Mentari seakan larut ditelan awan hitam, terus
larut hingga jatuh ke bumi menjadi hujan . Peristiwa itu menemani sejasad tubuh
yang diam dan masih saja belum beranjak dari tempat duduknya. Meski hawa dingin
terasa menusuk kulit, ia seakan tak peduli. Sesosok yang ternyata aku itu
membisu bertopang dagu, sepasang mata ini menerawang bayangan kosong, seakan
menantang bangunan sekolah yang teguh berdiri walaupun diserbu ribuan titik
air.
Pelan menerawang langit yang mulai mengurangi
titik airnya, lagi-lagi pikiranku mengembara tanpa sempat kucegah. Bayangan
seorang yang tak pernah menatapku, begitu lekat di benak. Begitu lekatnya,
hingga mampu mengusir hiruk pikuk siswa di taman ini.

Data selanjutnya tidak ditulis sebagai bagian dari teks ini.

lemma coeff_bounded_class_tail_bounds:
  assumes "f \<in> coeff_bounded_class M" "norm z < 1"
  shows "norm (f z - z) \<le> M * norm z ^ 2 / (1 - norm z)"
    and "norm (z * deriv f z - f z) \<le> M * norm z ^ 2 / (1 - norm z) ^ 2"
proof -
  define \<rho> where "\<rho> = norm z"
  define a where "a n = (deriv ^^ n) f 0 / fact n" for n
  have z: "z \<in> ball 0 1" and \<rho>: "0 \<le> \<rho>" "\<rho> < 1"
    using assms(2) by (auto simp: \<rho>_def)
  have bound: "norm ((deriv ^^ n) f 0 / fact n) \<le> M" if "2 \<le> n" for n
    using assms(1) that by (simp add: coeff_bounded_class_def)
  have a: "norm (a (n + 2)) \<le> M" for n
    unfolding a_def by (rule bound) simp
  have summand_le: "norm (a (n + 2) * z ^ (n + 2)) \<le> M * \<rho> ^ 2 * \<rho> ^ n" for n
  proof -
    have "norm (a (n + 2) * z ^ (n + 2)) = norm (a (n + 2)) * (\<rho> ^ 2 * \<rho> ^ n)"
      by (simp add: norm_mult norm_power \<rho>_def power_add power2_eq_square mult_ac)
    also have "\<dots> \<le> M * (\<rho> ^ 2 * \<rho> ^ n)"
      using a \<rho> by (intro mult_right_mono) auto
    finally show ?thesis by (simp add: mult_ac)
  qed
  have "(\<lambda>n. M * \<rho> ^ 2 * \<rho> ^ n) sums (M * \<rho> ^ 2 * (1 / (1 - \<rho>)))"
    using geometric_sums[of \<rho>] \<rho> by (intro sums_mult) auto
  from sums_norm_le[OF coeff_bounded_class_tail_sums(1)[OF assms(1) z] this] summand_le
  show "norm (f z - z) \<le> M * norm z ^ 2 / (1 - norm z)"
    by (simp add: a_def \<rho>_def)
  have "(\<lambda>n. M * \<rho> ^ 2 * (of_nat (Suc n) * \<rho> ^ n)) sums (M * \<rho> ^ 2 * (1 / (1 - \<rho>) ^ 2))"
    using geometric_deriv_sums[of \<rho>] \<rho> by (intro sums_mult) auto
  moreover have "norm (of_nat (n + 1) * a (n + 2) * z ^ (n + 2))
      \<le> M * \<rho> ^ 2 * (of_nat (Suc n) * \<rho> ^ n)" for n
  proof -
    have "norm (of_nat (n + 1) * a (n + 2) * z ^ (n + 2))
        = of_nat (Suc n) * norm (a (n + 2) * z ^ (n + 2))"
      by (simp only: norm_mult norm_of_nat mult.assoc Suc_eq_plus1)
    also have "\<dots> \<le> of_nat (Suc n) * (M * \<rho> ^ 2 * \<rho> ^ n)"
      by (rule mult_left_mono[OF summand_le]) simp
    finally show ?thesis by (simp only: mult_ac)
  qed
  ultimately show "norm (z * deriv f z - f z) \<le> M * norm z ^ 2 / (1 - norm z) ^ 2"
    using sums_norm_le[OF coeff_bounded_class_tail_sums(2)[OF assms(1) z]]
    by (simp add: a_def \<rho>_def)
qed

dan itu satu-satunya yang membuatku kian terpuruk.
dan itu satu-satunya yang membuatku kian terpuruk.
Membuatku seolah-olah seorang pecundang. Yang
begitu saja mengusik ketenangan hari-hari orang lain.
Tapi salahkah aku jika bersimpati padanya?
Inikah yang dikata teman-teman sebagai cinta? Atau haruskah rasa itu kubunuh
saat tahu dia tak menginginkanku? Tapi bagaimana mungkin. Toh lelaki itu tak
pernah sekalipun bercakap sepatah kata padaku,apalagi mengenalku? Apalagi tahu
perasaanku?
Mestinya aku mempunyai hak untuk bersimpati
padanya. Walaupun itu berarti aku harus bersaing keras dengan segala perbedaan
antara aku dengannya. Dia, yang menurutku hampir sempurna. Dia dengan tutur
bahasanya yang halus. Dengan cara pandang yang jauh melebihi aku padahal ia
hanya beberapa bulan mendahuluiku memijak bumi. Dia,dengan segala
kemandiriannya. Tak kupungkiri pula, fisiknya yang teramat memikat.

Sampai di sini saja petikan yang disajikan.